Problem:
Please print the entries below exactly, from the line with "u \<inter> Ind" through the line with "using assms(2) by", including both of those lines and leaving out all others.

Stored data entries

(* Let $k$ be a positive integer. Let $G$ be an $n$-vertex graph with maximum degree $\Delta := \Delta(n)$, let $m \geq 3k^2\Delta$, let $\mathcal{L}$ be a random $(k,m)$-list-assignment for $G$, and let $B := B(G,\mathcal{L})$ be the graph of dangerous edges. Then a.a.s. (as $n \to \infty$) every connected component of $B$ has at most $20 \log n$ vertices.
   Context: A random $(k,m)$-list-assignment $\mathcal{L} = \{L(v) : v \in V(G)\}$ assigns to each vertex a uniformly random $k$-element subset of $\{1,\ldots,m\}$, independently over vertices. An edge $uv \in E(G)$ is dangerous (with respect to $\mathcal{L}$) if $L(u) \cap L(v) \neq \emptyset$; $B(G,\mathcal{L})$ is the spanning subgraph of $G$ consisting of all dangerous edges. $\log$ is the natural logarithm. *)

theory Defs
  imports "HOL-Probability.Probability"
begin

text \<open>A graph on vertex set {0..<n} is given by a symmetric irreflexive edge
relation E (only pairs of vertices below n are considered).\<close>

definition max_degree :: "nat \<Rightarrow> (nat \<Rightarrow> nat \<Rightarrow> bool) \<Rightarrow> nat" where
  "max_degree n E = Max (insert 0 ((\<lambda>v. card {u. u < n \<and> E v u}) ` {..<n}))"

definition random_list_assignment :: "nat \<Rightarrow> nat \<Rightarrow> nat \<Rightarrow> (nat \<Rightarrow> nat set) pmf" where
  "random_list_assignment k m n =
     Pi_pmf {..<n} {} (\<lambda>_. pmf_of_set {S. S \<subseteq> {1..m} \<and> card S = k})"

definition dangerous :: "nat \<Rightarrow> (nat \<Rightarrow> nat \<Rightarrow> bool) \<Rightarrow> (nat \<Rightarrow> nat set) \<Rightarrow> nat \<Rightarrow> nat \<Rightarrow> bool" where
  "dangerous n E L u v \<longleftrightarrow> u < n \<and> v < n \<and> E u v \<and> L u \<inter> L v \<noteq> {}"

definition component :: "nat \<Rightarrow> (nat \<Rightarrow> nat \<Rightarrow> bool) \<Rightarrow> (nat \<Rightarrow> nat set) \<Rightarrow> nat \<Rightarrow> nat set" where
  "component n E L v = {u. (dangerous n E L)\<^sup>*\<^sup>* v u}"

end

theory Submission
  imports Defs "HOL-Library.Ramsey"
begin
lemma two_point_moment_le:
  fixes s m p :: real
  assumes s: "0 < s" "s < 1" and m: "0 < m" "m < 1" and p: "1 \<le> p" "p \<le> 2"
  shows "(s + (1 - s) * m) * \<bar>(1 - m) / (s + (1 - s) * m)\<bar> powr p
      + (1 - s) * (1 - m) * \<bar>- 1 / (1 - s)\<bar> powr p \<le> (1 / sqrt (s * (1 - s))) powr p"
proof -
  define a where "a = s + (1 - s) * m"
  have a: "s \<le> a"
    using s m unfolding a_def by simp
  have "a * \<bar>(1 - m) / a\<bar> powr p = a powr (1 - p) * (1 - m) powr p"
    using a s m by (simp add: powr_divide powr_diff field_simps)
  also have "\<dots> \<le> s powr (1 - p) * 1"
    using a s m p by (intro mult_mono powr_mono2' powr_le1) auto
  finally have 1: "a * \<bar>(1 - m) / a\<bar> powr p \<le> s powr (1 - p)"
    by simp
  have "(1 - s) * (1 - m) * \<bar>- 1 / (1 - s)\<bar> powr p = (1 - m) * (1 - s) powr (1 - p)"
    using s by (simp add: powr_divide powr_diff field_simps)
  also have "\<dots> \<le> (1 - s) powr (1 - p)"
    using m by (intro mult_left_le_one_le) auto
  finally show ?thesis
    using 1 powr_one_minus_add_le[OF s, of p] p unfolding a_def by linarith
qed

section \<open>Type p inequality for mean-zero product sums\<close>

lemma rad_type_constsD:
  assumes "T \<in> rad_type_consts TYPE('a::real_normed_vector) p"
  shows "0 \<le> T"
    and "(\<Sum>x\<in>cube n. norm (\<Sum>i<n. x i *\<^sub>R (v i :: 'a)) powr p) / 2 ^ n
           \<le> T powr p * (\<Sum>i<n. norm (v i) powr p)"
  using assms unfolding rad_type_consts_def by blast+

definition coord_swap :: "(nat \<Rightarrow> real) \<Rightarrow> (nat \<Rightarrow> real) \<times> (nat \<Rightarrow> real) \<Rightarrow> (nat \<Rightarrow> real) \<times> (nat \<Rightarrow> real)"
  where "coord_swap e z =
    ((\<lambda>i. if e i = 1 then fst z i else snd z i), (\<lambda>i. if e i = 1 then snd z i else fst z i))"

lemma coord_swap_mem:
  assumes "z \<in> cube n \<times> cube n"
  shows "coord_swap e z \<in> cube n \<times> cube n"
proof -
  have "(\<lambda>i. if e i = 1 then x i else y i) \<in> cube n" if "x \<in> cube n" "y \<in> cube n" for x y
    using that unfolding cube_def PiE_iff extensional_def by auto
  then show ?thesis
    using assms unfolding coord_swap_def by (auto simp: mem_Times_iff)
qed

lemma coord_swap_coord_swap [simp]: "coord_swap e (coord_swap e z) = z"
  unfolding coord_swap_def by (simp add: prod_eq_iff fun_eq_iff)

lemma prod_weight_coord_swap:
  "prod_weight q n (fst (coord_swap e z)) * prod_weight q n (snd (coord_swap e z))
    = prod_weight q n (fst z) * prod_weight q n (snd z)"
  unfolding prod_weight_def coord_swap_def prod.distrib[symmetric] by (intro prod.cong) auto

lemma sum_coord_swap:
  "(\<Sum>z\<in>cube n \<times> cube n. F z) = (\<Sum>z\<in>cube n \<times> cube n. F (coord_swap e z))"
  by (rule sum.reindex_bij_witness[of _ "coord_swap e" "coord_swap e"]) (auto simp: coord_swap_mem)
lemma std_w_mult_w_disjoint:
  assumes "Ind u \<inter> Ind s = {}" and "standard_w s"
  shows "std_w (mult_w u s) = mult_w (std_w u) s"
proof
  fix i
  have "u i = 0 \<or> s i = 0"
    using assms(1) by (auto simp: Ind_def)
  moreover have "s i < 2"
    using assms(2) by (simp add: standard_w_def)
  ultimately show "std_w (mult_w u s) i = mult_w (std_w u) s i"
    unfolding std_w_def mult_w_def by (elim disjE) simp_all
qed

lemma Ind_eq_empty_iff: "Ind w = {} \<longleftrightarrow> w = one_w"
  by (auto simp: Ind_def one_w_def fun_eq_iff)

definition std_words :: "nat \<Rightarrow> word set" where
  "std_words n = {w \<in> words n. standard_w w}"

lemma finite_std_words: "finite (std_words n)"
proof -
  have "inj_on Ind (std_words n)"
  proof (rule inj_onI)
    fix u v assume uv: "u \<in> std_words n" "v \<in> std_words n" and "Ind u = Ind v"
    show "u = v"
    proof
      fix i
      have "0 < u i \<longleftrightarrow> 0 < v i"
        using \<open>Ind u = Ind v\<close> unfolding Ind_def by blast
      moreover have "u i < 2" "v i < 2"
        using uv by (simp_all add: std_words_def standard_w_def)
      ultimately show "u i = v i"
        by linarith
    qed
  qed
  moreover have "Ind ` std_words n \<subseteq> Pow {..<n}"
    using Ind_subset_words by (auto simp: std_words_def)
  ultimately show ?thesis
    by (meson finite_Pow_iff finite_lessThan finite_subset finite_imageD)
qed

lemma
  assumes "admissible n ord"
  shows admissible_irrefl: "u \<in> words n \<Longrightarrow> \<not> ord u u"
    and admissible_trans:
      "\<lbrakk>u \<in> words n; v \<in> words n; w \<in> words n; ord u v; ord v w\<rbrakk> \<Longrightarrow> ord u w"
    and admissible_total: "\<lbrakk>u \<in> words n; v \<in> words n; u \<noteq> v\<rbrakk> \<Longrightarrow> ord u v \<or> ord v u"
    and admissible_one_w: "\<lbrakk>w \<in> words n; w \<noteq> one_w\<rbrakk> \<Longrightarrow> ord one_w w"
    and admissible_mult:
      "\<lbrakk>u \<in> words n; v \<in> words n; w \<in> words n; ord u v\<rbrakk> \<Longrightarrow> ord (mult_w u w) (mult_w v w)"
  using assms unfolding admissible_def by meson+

Your response:
  assumes "Ind u \<inter> Ind s = {}" and "standard_w s"
  shows "std_w (mult_w u s) = mult_w (std_w u) s"
proof
  fix i
  have "u i = 0 \<or> s i = 0"
    using assms(1) by (auto simp: Ind_def)
  moreover have "s i < 2"
    using assms(2) by (simp add: standard_w_def)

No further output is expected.